- **Directions for this task**: Print the line containing "then show ?thesis using cont" and every line after it exactly as written, through the end of the records.

- **Stored data**:
section \<open>Solutions of the switched system\<close>

lemma isCont_discrete_iff:
  "isCont (f :: 'a::t2_space \<Rightarrow> 'b::discrete_topology) t \<longleftrightarrow> eventually (\<lambda>s. f s = f t) (at t)"
  by (simp add: continuous_at tendsto_discrete)

lemma has_real_derivative_vec_nth:
  "(x has_vector_derivative x') F \<Longrightarrow> ((\<lambda>s. x s $ i) has_real_derivative x' $ i) F"
  using bounded_linear.has_vector_derivative[OF bounded_linear_vec_nth[of i]]
  by (simp add: has_real_derivative_iff_has_vector_derivative)

lemma DERIV_unique_within_Ici:
  fixes f :: "real \<Rightarrow> real"
  assumes "t0 \<le> s" "(f has_real_derivative a) (at s within {t0..})"
    and "(f has_real_derivative b) (at s within {t0..})"
  shows "a = b"
proof -
  have "at_right s \<le> at s within {t0..}" by (rule at_le) (use assms(1) in auto)
  then have "at s within {t0..} \<noteq> bot" by (auto simp: bot_unique)
  then show ?thesis using vector_derivative_unique_within assms(2,3)
    by (simp add: has_real_derivative_iff_has_vector_derivative)
qed

lemma
  assumes "is_solution m1 m2 c1 c2 k1 k2 t0 \<sigma> x"
  shows solution_mode_range: "t0 \<le> t \<Longrightarrow> \<sigma> t \<in> {1, 2}"
    and solution_mode_right_constant: "t0 \<le> t \<Longrightarrow> eventually (\<lambda>s. \<sigma> s = \<sigma> t) (at_right t)"
    and solution_finite_switches: "finite {t. t0 < t \<and> t \<le> T \<and> \<not> isCont \<sigma> t}"
    and solution_ode: "t0 \<le> t \<Longrightarrow> t = t0 \<or> isCont \<sigma> t \<Longrightarrow>
          \<exists>x'. (x has_vector_derivative x') (at t within {t0..}) \<and>
                EE m1 m2 (\<sigma> t) *v x' = AA c1 c2 k1 k2 (\<sigma> t) *v x t"
    and solution_jump: "t0 < t \<Longrightarrow> \<not> isCont \<sigma> t \<Longrightarrow>
          \<exists>xm. (x \<longlongrightarrow> xm) (at_left t) \<and> (x \<longlongrightarrow> x t) (at_right t) \<and>
                (\<forall>i. eventually (\<lambda>s. \<sigma> s = i) (at_left t) \<longrightarrow> switch_rule m1 m2 i (\<sigma> t) xm (x t))"
  using assms unfolding is_solution_def by (simp_all, blast)

lemma solution_mode_locally_constant:
  assumes sol: "is_solution m1 m2 c1 c2 k1 k2 t0 \<sigma> x" and t: "t0 \<le> t" "t = t0 \<or> isCont \<sigma> t"
  obtains d where "0 < d" "\<And>s. t0 \<le> s \<Longrightarrow> dist s t < d \<Longrightarrow> \<sigma> s = \<sigma> t \<and> (s = t0 \<or> isCont \<sigma> s)"
proof -
  obtain d where d: "0 < d" and const: "\<And>s. t0 \<le> s \<Longrightarrow> dist s t < d \<Longrightarrow> \<sigma> s = \<sigma> t"
  proof (cases "t = t0")
    case True
    have "eventually (\<lambda>s. \<sigma> s = \<sigma> t) (at_right t)" by (rule solution_mode_right_constant[OF sol t(1)])
    then obtain b where b: "t < b" "\<And>s. t < s \<Longrightarrow> s < b \<Longrightarrow> \<sigma> s = \<sigma> t"
      by (auto simp: eventually_at_right_field)
    show ?thesis
    proof (rule that[of "b - t"])
      fix s assume s: "t0 \<le> s" "dist s t < b - t"
      show "\<sigma> s = \<sigma> t"
      proof (cases "s = t")
        case False
        then have "t < s" "s < b" using s True by (auto simp: dist_real_def)
        then show ?thesis by (rule b(2))
      qed simp
    qed (use b in simp)
  next
    case False
    with t have "eventually (\<lambda>s. \<sigma> s = \<sigma> t) (at t)" by (simp add: isCont_discrete_iff)
    then obtain d where d: "0 < d" "\<And>s. s \<noteq> t \<Longrightarrow> dist s t < d \<Longrightarrow> \<sigma> s = \<sigma> t"
      by (auto simp: eventually_at)
    show ?thesis
    proof (rule that[OF d(1)])
      show "\<sigma> s = \<sigma> t" if "dist s t < d" for s using d(2)[of s] that by (cases "s = t") auto
    qed
  qed
  have cont: "isCont \<sigma> s" if s: "t0 < s" "dist s t < d" for s
  proof -
    define d' where "d' = min (d - dist s t) (s - t0)"
    have "0 < d'" using s by (simp add: d'_def)
    moreover have "\<forall>y. y \<noteq> s \<and> dist y s < d' \<longrightarrow> \<sigma> y = \<sigma> s"
    proof (intro allI impI)
      fix y assume "y \<noteq> s \<and> dist y s < d'"
      then have y: "dist y s < d'" by simp
      have "dist y t < d" using y dist_triangle[of y t s] by (simp add: d'_def)
      moreover have "t0 \<le> y" using y by (auto simp: d'_def dist_real_def)
      ultimately show "\<sigma> y = \<sigma> s" using const[of y] const[of s] s by simp
    qed
    ultimately have "eventually (\<lambda>y. \<sigma> y = \<sigma> s) (at s)"
      unfolding eventually_at by blast
    then show ?thesis by (simp add: isCont_discrete_iff)
  qed
  show ?thesis
  proof (rule that[OF d])
    fix s assume s: "t0 \<le> s" "dist s t < d"
    have "s = t0 \<or> isCont \<sigma> s"
    proof (cases "s = t0")
      case False
      with s have "t0 < s" by simp
      then show ?thesis using cont s(2) by simp
    qed simp
    then show "\<sigma> s = \<sigma> t \<and> (s = t0 \<or> isCont \<sigma> s)" using const[OF s] by simp
  qed
qed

- **Answer for this exercise**:
      then show ?thesis using cont s(2) by simp
    qed simp
    then show "\<sigma> s = \<sigma> t \<and> (s = t0 \<or> isCont \<sigma> s)" using const[OF s] by simp
  qed
qed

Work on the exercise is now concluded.